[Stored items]
┄┄┄┄┄┄┄┄┄┄

(* Let $\gamma$ be a finite set of interactions over components $B_1,\dots,B_n$, and let $\mathcal{E}^*(\gamma)=\bigwedge_{a\in\mathit{Act}(\gamma)}h_a=\min_{\alpha\in\gamma,\ a\in\alpha}h_\alpha$. (1) $\mathcal{E}^*(\gamma)$ is an inductive predicate of $B^*\|_{\gamma^h}B_i^h$. (2) The equivalence $\exists\mathcal{H}_\gamma.\,\mathcal{E}^*(\gamma)\equiv\mathcal{E}(\gamma)$ holds, for all nonnegative real values of the action history clocks $h_a$, $a\in\mathit{Act}(\gamma)$ (with $\mathcal{H}_\gamma=\{h_\alpha\mid\alpha\in\gamma\}$ ranging over nonnegative reals).
   Context: Components are timed automata $B=(L,A,\mathcal{X},T,\mathsf{tpc},s_0)$ (locations, actions, clocks, edges $(l,(a,g,r),l')$ with guard $g$ and reset set $r$, time progress conditions, initial configuration); states $(l,\mathbf{v})$ with $\mathbf{v}$ a clock valuation in $\mathbb{R}_{\ge0}$; time transitions add the same $\delta\ge0$ to all clocks (allowed if $\mathsf{tpc}$ holds along the way), discrete transitions follow an edge whose guard holds and reset the clocks in $r$ to $0$. A state predicate is inductive if whenever it holds in a state it holds in all its time and discrete successors. For components with pairwise disjoint action sets, an interaction is a nonempty set of actions with at most one action per component; $\mathit{Act}(\gamma)=\bigcup_{\alpha\in\gamma}\alpha$; in a composition under $\gamma$, executing $\alpha=\{a_i\}_{i\in I}$ fires simultaneously one edge labelled $a_i$ in each component $i\in I$, with conjoined guards and united resets, other components unchanged. Action history clocks: $B^h$ adds fresh clocks $h_0$ and $h_a$ ($a\in A$), adds $h_a$ to the resets of each edge labelled $a$, initial constraint $c_0\wedge h_0=0\wedge\bigwedge_ah_a>0$; $h_0$ is shared and never reset. Interaction history clocks: $B^*$ has one location $l^*$, actions $a_\alpha$ and clocks $h_\alpha$ for $\alpha\in\gamma$, self-loop edges $(l^*,(a_\alpha,\mathit{true},\{h_\alpha\}),l^* )$, $\mathsf{tpc}(l^* )=\mathit{true}$, initial configuration $(l^*,\mathit{true})$; $\gamma^h=\{\{a_\alpha\}\cup\alpha\mid\alpha\in\gamma\}$; $B^*\|_{\gamma^h}B_i^h$ is the composition of $B^*$ and the $B_i^h$ under $\gamma^h$. Interaction inequalities: $\gamma\ominus\alpha=\{\beta\setminus\alpha\mid\beta\in\gamma,\beta\not\subseteq\alpha\}$; $\mathcal{E}(\emptyset)=\mathit{true}$ and for $\gamma\ne\emptyset$, $\mathcal{E}(\gamma)=\bigvee_{\alpha\in\gamma}\Big(\bigwedge_{a_i,a_j\in\alpha}h_{a_i}=h_{a_j}\wedge\bigwedge_{a_i\in\alpha,\,a_k\in\mathit{Act}(\gamma\ominus\alpha)}h_{a_i}\le h_{a_k}\wedge\mathcal{E}(\gamma\ominus\alpha)\Big)$. *)

theory Defs
  imports Complex_Main
begin

text \<open>A component B = (L, A, X, T, tpc, s0). Guards and time progress conditions
  are represented semantically as predicates on clock valuations. An edge is
  (l, a, g, r, l').\<close>

type_synonym ('l,'a,'c) edge = "'l \<times> 'a \<times> (('c \<Rightarrow> real) \<Rightarrow> bool) \<times> 'c set \<times> 'l"

record ('l,'a,'c) ta =
  locs :: "'l set"
  acts :: "'a set"
  clks :: "'c set"
  edges :: "('l,'a,'c) edge set"
  tpc :: "'l \<Rightarrow> ('c \<Rightarrow> real) \<Rightarrow> bool"
  init_loc :: 'l
  init_cstr :: "('c \<Rightarrow> real) \<Rightarrow> bool"

definition e_src :: "('l,'a,'c) edge \<Rightarrow> 'l" where "e_src e = fst e"
definition e_act :: "('l,'a,'c) edge \<Rightarrow> 'a" where "e_act e = fst (snd e)"
definition e_guard :: "('l,'a,'c) edge \<Rightarrow> ('c \<Rightarrow> real) \<Rightarrow> bool" where "e_guard e = fst (snd (snd e))"
definition e_reset :: "('l,'a,'c) edge \<Rightarrow> 'c set" where "e_reset e = fst (snd (snd (snd e)))"
definition e_tgt :: "('l,'a,'c) edge \<Rightarrow> 'l" where "e_tgt e = snd (snd (snd (snd e)))"

text \<open>Components are B 0, ..., B (n-1).\<close>

definition is_interaction :: "(nat \<Rightarrow> ('l,'a,'c) ta) \<Rightarrow> nat \<Rightarrow> 'a set \<Rightarrow> bool" where
  "is_interaction B n \<alpha> \<longleftrightarrow> \<alpha> \<noteq> {} \<and> \<alpha> \<subseteq> (\<Union>i<n. acts (B i)) \<and>
     (\<forall>i<n. \<forall>a\<in>\<alpha> \<inter> acts (B i). \<forall>b\<in>\<alpha> \<inter> acts (B i). a = b)"

definition Act :: "'a set set \<Rightarrow> 'a set" where
  "Act \<gamma> = \<Union>\<gamma>"

text \<open>Clocks of the composed system: the clocks of component i (tagged with i),
  the action history clocks h_a, the interaction history clocks h_alpha (clocks of B*),
  and the shared clock h_0 (never reset).\<close>

datatype ('a,'c) hclock = CClk nat 'c | HAct 'a | HInt "'a set" | H0

text \<open>A state: a location for each component (B* has a single location l*, omitted)
  and a clock valuation over all clocks.\<close>

type_synonym ('l,'a,'c) hstate = "(nat \<Rightarrow> 'l) \<times> (('a,'c) hclock \<Rightarrow> real)"

definition comp_val :: "(('a,'c) hclock \<Rightarrow> real) \<Rightarrow> nat \<Rightarrow> ('c \<Rightarrow> real)" where
  "comp_val v i = (\<lambda>c. v (CClk i c))"

definition is_state :: "(nat \<Rightarrow> ('l,'a,'c) ta) \<Rightarrow> nat \<Rightarrow> ('l,'a,'c) hstate \<Rightarrow> bool" where
  "is_state B n s \<longleftrightarrow> (\<forall>i<n. fst s i \<in> locs (B i)) \<and> (\<forall>x. snd s x \<ge> 0)"

text \<open>Time transitions: all clocks advance by delta, allowed if every tpc holds along the way
  (the tpc of B^h is that of B; the tpc of B* is true).\<close>

definition time_step :: "(nat \<Rightarrow> ('l,'a,'c) ta) \<Rightarrow> nat \<Rightarrow> ('l,'a,'c) hstate \<Rightarrow> ('l,'a,'c) hstate \<Rightarrow> bool" where
  "time_step B n s s' \<longleftrightarrow> (\<exists>\<delta>\<ge>0. fst s' = fst s \<and> snd s' = (\<lambda>x. snd s x + \<delta>) \<and>
      (\<forall>i<n. \<forall>t. 0 \<le> t \<and> t \<le> \<delta> \<longrightarrow> tpc (B i) (fst s i) (comp_val (\<lambda>x. snd s x + t) i)))"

┄┄┄┄┄┄┄┄┄┄

## AIM OF THE TASK
Whichever lines of the data include the word "lambda", pull them out.

## RESULT OF THE TASK
  "comp_val v i = (\<lambda>c. v (CClk i c))"
  "time_step B n s s' \<longleftrightarrow> (\<exists>\<delta>\<ge>0. fst s' = fst s \<and> snd s' = (\<lambda>x. snd s x + \<delta>) \<and>
      (\<forall>i<n. \<forall>t. 0 \<le> t \<and> t \<le> \<delta> \<longrightarrow> tpc (B i) (fst s i) (comp_val (\<lambda>x. snd s x + t) i)))"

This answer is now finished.